Florida Congressman Bill McCollum is not a politician anyone ever accused of being nonpartisan. As one of the thirteen Republicans who argued the case for impeachment before the U.S. Senate last year, he was having the time of his life bashing President Clinton (and with those glasses and haircut, he reminded us of a nerdy kid who enjoyed telling on his classmates). Now he's running for an open Senate seat, on a conservative platform of "less government, lower taxes, and more freedom."
But in a speech last week at the Westin Fort Lauderdale Hotel, McCollum sounded almost like a liberal. An ardent foe of environmental regulation, he expressed support for a major federal role in protecting the Everglades. His true colors came out only when he advocated the elimination of capital gains and inheritance taxes, which mostly benefits wealthy people.
But McCollum wasn't the only one camouflaging his views that night. The moderator of the program, Carlos Muhletaler, a coordinator for the Florida Citizens For a Sound Economy (FCSE), repeatedly told the audience of about 80 that his group is "nonpartisan" and works with politicians of all political stripes. He has to say that because the group and its affiliated foundation are tax-exempt, not-for-profit organizations -- in other words, subsidized by taxpayers -- and therefore barred from supporting political candidates.
When asked what political candidates have spoken at FCSE gatherings, Muhletaler mentioned only McCollum and the other GOP Senate contender, Education Commissioner Tom Gallagher. Has the group invited the Democratic Party candidate for Senate, Insurance Commissioner Bill Nelson? "No," replied Muhletaler. "We're only interested in economic issues." Yeah, conservative Republican ones.
Typical daily journalism. One lawyer says this, another says the opposite, and the reader's left clueless. But this case is about nudity. Not a topic normally riddled with ambiguity -- unless, that is, you're a reporter at The Palm Beach Post.
In two recent Post reports on a dispute between Crystal's Bar and Grill and the puritans who run the "village" of North Palm Beach, the major point of contention was whether the dancers at the club, well, get naked.

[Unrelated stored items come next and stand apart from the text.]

section \<open>The lower bound on the alphabet\<close>

lemma ex_bij_betw_monotone_numbering:
  fixes h :: "'b \<Rightarrow> 'c::linorder"
  assumes "finite A"
  shows "\<exists>\<phi>. bij_betw \<phi> A {0..<card A} \<and> (\<forall>x\<in>A. \<forall>y\<in>A. h x < h y \<longrightarrow> \<phi> x < \<phi> y)"
  using assms
proof (induction A rule: finite_ranking_induct[where f = h])
  case empty
  show ?case by (simp add: bij_betw_def)
next
  case (insert x A)
  then obtain \<phi> where \<phi>: "bij_betw \<phi> A {0..<card A}"
    and mono: "\<forall>y\<in>A. \<forall>z\<in>A. h y < h z \<longrightarrow> \<phi> y < \<phi> z"
    by blast
  show ?case
  proof (cases "x \<in> A")
    case True
    then show ?thesis using \<phi> mono by (intro exI[of _ \<phi>]) (simp add: insert_absorb)
  next
    case False
    define \<phi>' where "\<phi>' = \<phi>(x := card A)"
    have "bij_betw \<phi>' A {0..<card A}"
      by (rule bij_betw_cong[THEN iffD1, OF _ \<phi>]) (use False in \<open>auto simp: \<phi>'_def\<close>)
    then have "bij_betw \<phi>' (A \<union> {x}) ({0..<card A} \<union> {\<phi>' x})"
      using False by (intro notIn_Un_bij_betw) (simp_all add: \<phi>'_def)
    then have "bij_betw \<phi>' (insert x A) {0..<card (insert x A)}"
      using False insert.hyps(1) by (simp add: \<phi>'_def atLeast0_lessThan_Suc)
    moreover have "\<phi>' y < \<phi>' z" if "y \<in> insert x A" "z \<in> insert x A" "h y < h z" for y z
    proof -
      \<comment> \<open>x has maximal h-value and receives the largest number\<close>
      have "y \<noteq> x" using that insert.hyps(2) by (auto simp: not_le[symmetric])
      then have "y \<in> A" using that(1) by simp
      show ?thesis
      proof (cases "z = x")
        case True
        then show ?thesis using \<open>y \<in> A\<close> \<open>y \<noteq> x\<close> \<phi> by (auto simp: \<phi>'_def bij_betw_def)
      next
        case False
        then show ?thesis using that \<open>y \<in> A\<close> \<open>y \<noteq> x\<close> mono by (simp add: \<phi>'_def)
      qed
    qed
    ultimately show ?thesis by blast
  qed
qed

definition height :: "'a list set \<Rightarrow> nat" where
  "height X = (if X = {} then 0 else Suc (Max (length ` X)))"

lemma height_lquot_less:
  assumes "finite X" "X \<noteq> {}" "w \<noteq> []"
  shows "height (lquot w X) < height X"
proof (cases "lquot w X = {}")
  case True
  then show ?thesis using assms(2) by (simp add: height_def)
next
  case False
  have "Max (length ` lquot w X) \<in> length ` lquot w X"
    using False finite_lquot[OF assms(1)] by (intro Max_in) auto
  then obtain v where "v \<in> lquot w X" and v: "length v = Max (length ` lquot w X)"
    by auto
  from \<open>v \<in> lquot w X\<close> have "w @ v \<in> X"
    by (simp add: lquot_def)
  then have "length (w @ v) \<in> length ` X" by (rule imageI)
  then have "length (w @ v) \<le> Max (length ` X)"
    using assms(1) by (intro Max_ge) simp_all
  with assms(3) have "length v < Max (length ` X)" by (cases w) auto
  then show ?thesis using False assms(2) v by (simp add: height_def)
qed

North Palm Beach claims that breasts are being illegally bared in the name of commerce, while Crystal's says that the ladies at the club are covered. Real journalists, like us, would go beyond the rhetoric and dig deeper until the truth was revealed.

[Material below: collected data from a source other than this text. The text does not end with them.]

lemma normal_subgroup_of_R_eq:
  assumes N: "N \<lhd> G\<lparr>carrier := R\<rparr>" and nontrivial: "N \<noteq> {\<one>}"
  shows "N = R"
proof -
  have NR: "subgroup N (G\<lparr>carrier := R\<rparr>)" using N normal_imp_subgroup by blast
  have Ns: "subgroup N G" by (rule incl_subgroup[OF R_subgroup NR])
  have N_R: "N \<subseteq> R" using subgroup.subset[OF NR] by simp
  have normalises: "h \<otimes> n \<otimes> inv h \<in> N" if "h \<in> R" "n \<in> N" for h n
  proof -
    have "h \<otimes> n \<otimes> inv\<^bsub>G\<lparr>carrier := R\<rparr>\<^esub> h \<in> N" using normal.inv_op_closed2[OF N] that by simp
    then show ?thesis using m_inv_consistent[OF R_subgroup that(1)] by simp
  qed
  obtain g where g: "g \<in> N" "g \<noteq> \<one>" using nontrivial subgroup.one_closed[OF Ns] by blast
  obtain k where k: "k \<in> carrier G" and comm: "\<And>a b. a \<in> rigid_stab G X \<phi> (\<phi> k ` U) \<Longrightarrow>
      b \<in> rigid_stab G X \<phi> (\<phi> k ` U) \<Longrightarrow>
      (\<And>x n. x \<in> {a, b} \<Longrightarrow> n \<in> N \<Longrightarrow> x \<otimes> n \<otimes> inv x \<in> N) \<Longrightarrow>
      a \<otimes> b \<otimes> inv a \<otimes> inv b \<in> N"
    using translate_commutators_in_subgroup[OF Ns g] by blast
  obtain r where r: "r \<in> R" "\<phi> r ` U = \<phi> k ` U" using translate_by_R[OF k] .
  have rc: "r \<in> carrier G" using r subgroup.subset[OF R_subgroup] by blast
  have "a \<otimes> b \<otimes> inv a \<otimes> inv b \<in> N"
    if "a \<in> rigid_derived (\<phi> k ` U)" "b \<in> rigid_derived (\<phi> k ` U)" for a b
  proof -
    have "a \<in> R" "b \<in> R" using that rigid_derived_translate_subset_R[OF k] by auto
    moreover have "a \<in> rigid_stab G X \<phi> (\<phi> k ` U)" "b \<in> rigid_stab G X \<phi> (\<phi> k ` U)"
      using that rigid_derived_subset_rigid_stab by auto
    ultimately show ?thesis by (intro comm) (auto intro: normalises)
  qed
  then have "derived_set G (rigid_derived (\<phi> k ` U)) \<subseteq> N" by blast
  moreover have "conj_by r ` derived_set G (rigid_derived U) = derived_set G (rigid_derived (\<phi> k ` U))"
    using conj_by_derived_set[OF rc rigid_derived_subset_carrier] rigid_derived_translate[OF rc U_subset] r(2)
    by simp
  ultimately have conj_by_r: "conj_by r z \<in> N" if "z \<in> derived_set G (rigid_derived U)" for z
    using that by blast
  have "conj_by g z \<in> N" if gz: "g \<in> carrier G" "z \<in> derived_set G (rigid_derived U)" for g z
  proof -
    obtain r' z' where r': "r' \<in> R" "z' \<in> derived_set G (rigid_derived U)" "conj_by g z = conj_by r' z'"
      using conj_by_commutator_eq_conj_by_R[OF gz] .
    have r'c: "r' \<in> carrier G" using r'(1) subgroup.subset[OF R_subgroup] by blast
    have z'c: "z' \<in> carrier G" using r'(2) derived_set_in_carrier[OF rigid_derived_subset_carrier] by blast
    have "r' = r' \<otimes> inv r \<otimes> r" using r'c rc by (simp add: m_assoc)
    then have "conj_by r' z' = conj_by (r' \<otimes> inv r) (conj_by r z')"
      using r'c rc z'c by (metis conj_by_mult inv_closed m_closed)
    moreover have "r' \<otimes> inv r \<in> R"
      using r r' R_subgroup by (simp add: subgroup.m_closed subgroup.m_inv_closed)
    ultimately show ?thesis
      using normalises conj_by_r[OF r'(2)] r'(3) by (simp add: conj_by_def)
  qed
  then have "normal_closure G (derived_set G (rigid_derived U)) \<subseteq> N"
    by (rule normal_closure_minimal[OF Ns])
  moreover have "R \<subseteq> normal_closure G (derived_set G (rigid_derived U))"
  proof (rule R_subset_normal)
    have commutators: "derived_set G (rigid_derived U) \<subseteq> carrier G"
      by (rule derived_set_in_carrier[OF rigid_derived_subset_carrier])
    show "normal_closure G (derived_set G (rigid_derived U)) \<lhd> G"
      by (rule normal_closure_normal[OF commutators])
    show "normal_closure G (derived_set G (rigid_derived U)) \<noteq> {\<one>}"
      using rigid_derived_commutators_nontrivial subset_normal_closure[OF commutators] by blast
  qed
  ultimately show ?thesis using N_R by blast
qed

end

theorem proposition4p3:
  fixes G :: "('g, 'm) monoid_scheme" and X :: "'a topology"
    and \<phi> :: "'g \<Rightarrow> 'a \<Rightarrow> 'a" and U :: "'a set"
  assumes "group G"
    and "group_action G (topspace X) \<phi>"
    and "inj_on \<phi> (carrier G)"
    and "\<And>g. g \<in> carrier G \<Longrightarrow> homeomorphic_map X X (\<phi> g)"
    and "Hausdorff_space X"
    and "infinite (topspace X)"
    and "openin X U"
    and "set_orbit \<phi> (R_sub G X \<phi> U) U = set_orbit \<phi> (carrier G) U"
    and "openin X = arbitrary union_of (\<lambda>V. V \<in> set_orbit \<phi> (carrier G) U)"
  shows "simple_grp (G\<lparr>carrier := R_sub G X \<phi> U\<rparr>) \<and>
         (\<forall>N. N \<lhd> G \<and> N \<noteq> {\<one>\<^bsub>G\<^esub>} \<longrightarrow> R_sub G X \<phi> U \<subseteq> N)"
proof -
  interpret R_translate_basis_action G X \<phi> U
    unfolding R_translate_basis_action_def R_translate_basis_action_axioms_def
      translate_basis_action_def translate_basis_action_axioms_def
      homeomorphism_action_def homeomorphism_action_axioms_def
      faithful_action_def faithful_action_axioms_def
    using assms by blast
  have "simple_grp (G\<lparr>carrier := R\<rparr>)"
    unfolding simple_grp_def
    using subgroup_imp_group[OF R_subgroup] R_nontrivial normal_subgroup_of_R_eq by auto
  then show ?thesis using R_subset_normal by blast
qed

end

We, unfortunately, will have to side with Crystal's on this one. While the nightclub has all the trappings of one of South Florida's leading growth industries -- wildly expensive beer, a gold pole around which to writhe, and lots of cosmetically enhanced cleavage -- all of the pertinent body parts seemed to be at least partially covered. Our leering reporter spotted not one nipple or pubic hair.

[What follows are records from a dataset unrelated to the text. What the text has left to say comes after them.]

(* Consider $d=2$ with either weak or strong coupling (see context). Let $\gamma\in(0,1/10)$ and let $\mathcal{M}_\gamma$ be a set as in the context. Then for every (sufficiently large) $m\in\mathcal{M}_\gamma$ there exists a new eigenvalue $\lambda\in\Lambda$ with $|\lambda-m|\le\gamma$ and $$H_m'(\lambda)\le (1+O(\gamma))\,\frac{r_2(m)}{(m-\lambda)^2},$$ where the implied constant in $O(\gamma)$ is absolute (as $\gamma\to0$).
   Context: For an integer $n$, $r_2(n)=\#\{\xi\in\mathbb{Z}^2:|\xi|^2=n\}$, $\mathcal{N}_2=\{n:r_2(n)>0\}$, and $n_+(\lambda)$ is the smallest element of $\mathcal{N}_2$ larger than $\lambda$. Fix $C\in\mathbb{R}$ and (for strong coupling) $\eta\in(131/146,1)$. Let $I(\lambda)=\mathcal{N}_2$ (weak coupling) or $I(\lambda)=\mathcal{N}_2\cap[n_+(\lambda)-n_+(\lambda)^\eta,\,n_+(\lambda)+n_+(\lambda)^\eta]$ (strong coupling). The set $\Lambda$ of new eigenvalues is the set of real $\lambda\notin\mathcal{N}_2$ solving $\sum_{n\in I(\lambda)}r_2(n)\big(\frac{1}{n-\lambda}-\frac{n}{n^2+1}\big)=C$ (with strict inequality $|n-n_+(\lambda)|<n_+(\lambda)^\eta$ in the strong coupling window). For $m\in\mathcal{N}_2$, $H_m'(\lambda):=\sum_{n\in I(\lambda)\setminus\{m\}}\frac{r_2(n)}{(n-\lambda)^2}$. $\mathcal{M}_\gamma\subset\mathcal{N}_2$ is an infinite set each of whose elements has the form $m=n^2+1$ with $n$ a positive integer, $r_2(m)\le32$ and $r_2(m+3)\ge10\,r_2(m)/\gamma^2$. *)

theory Defs
  imports "HOL-Analysis.Analysis"
begin

definition r2 :: "nat \<Rightarrow> nat" where
  "r2 n = card {p :: int \<times> int. (fst p)\<^sup>2 + (snd p)\<^sup>2 = int n}"

definition N2 :: "nat set" where
  "N2 = {n. r2 n > 0}"

definition nplus :: "real \<Rightarrow> nat" where
  "nplus lam = (LEAST n. n \<in> N2 \<and> real n > lam)"

datatype coupling = Weak | Strong

definition Iset :: "coupling \<Rightarrow> real \<Rightarrow> real \<Rightarrow> nat set" where
  "Iset cpl eta lam = (case cpl of
      Weak \<Rightarrow> N2
    | Strong \<Rightarrow> {n \<in> N2. \<bar>real n - real (nplus lam)\<bar> < real (nplus lam) powr eta})"

definition NewEig :: "coupling \<Rightarrow> real \<Rightarrow> real \<Rightarrow> real set" where
  "NewEig cpl eta C = {lam. lam \<notin> real ` N2 \<and>
     (\<Sum>\<^sub>\<infinity> n \<in> Iset cpl eta lam.
        real (r2 n) * (1 / (real n - lam) - real n / ((real n)\<^sup>2 + 1))) = C}"

definition Hderiv :: "coupling \<Rightarrow> real \<Rightarrow> nat \<Rightarrow> real \<Rightarrow> real" where
  "Hderiv cpl eta m lam =
     (\<Sum>\<^sub>\<infinity> n \<in> Iset cpl eta lam - {m}. real (r2 n) / (real n - lam)\<^sup>2)"

definition is_M_gamma :: "real \<Rightarrow> nat set \<Rightarrow> bool" where
  "is_M_gamma gamma M \<longleftrightarrow> M \<subseteq> N2 \<and> infinite M \<and>
     (\<forall>m \<in> M. (\<exists>n::nat. n > 0 \<and> m = n\<^sup>2 + 1) \<and> r2 m \<le> 32 \<and>
        real (r2 (m + 3)) \<ge> 10 * real (r2 m) / gamma\<^sup>2)"

end

theory Submission
  imports Defs "HOL-Real_Asymp.Real_Asymp"
begin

What's that you say? Perhaps the sneaky folks at Crystal's are hiding the straight skin for people with more bread than a lousy New Times hack? We went deeper. The $30, three-song lap dance was beyond our editorial expense budget, but we spied on the one-on-one action taking place in the back room. Lots of grinding, but there appeared to be a layer of clothing between the ladies and their patrons at all times. Which leaves us with one remaining question: Why would any horny reporter want to go there?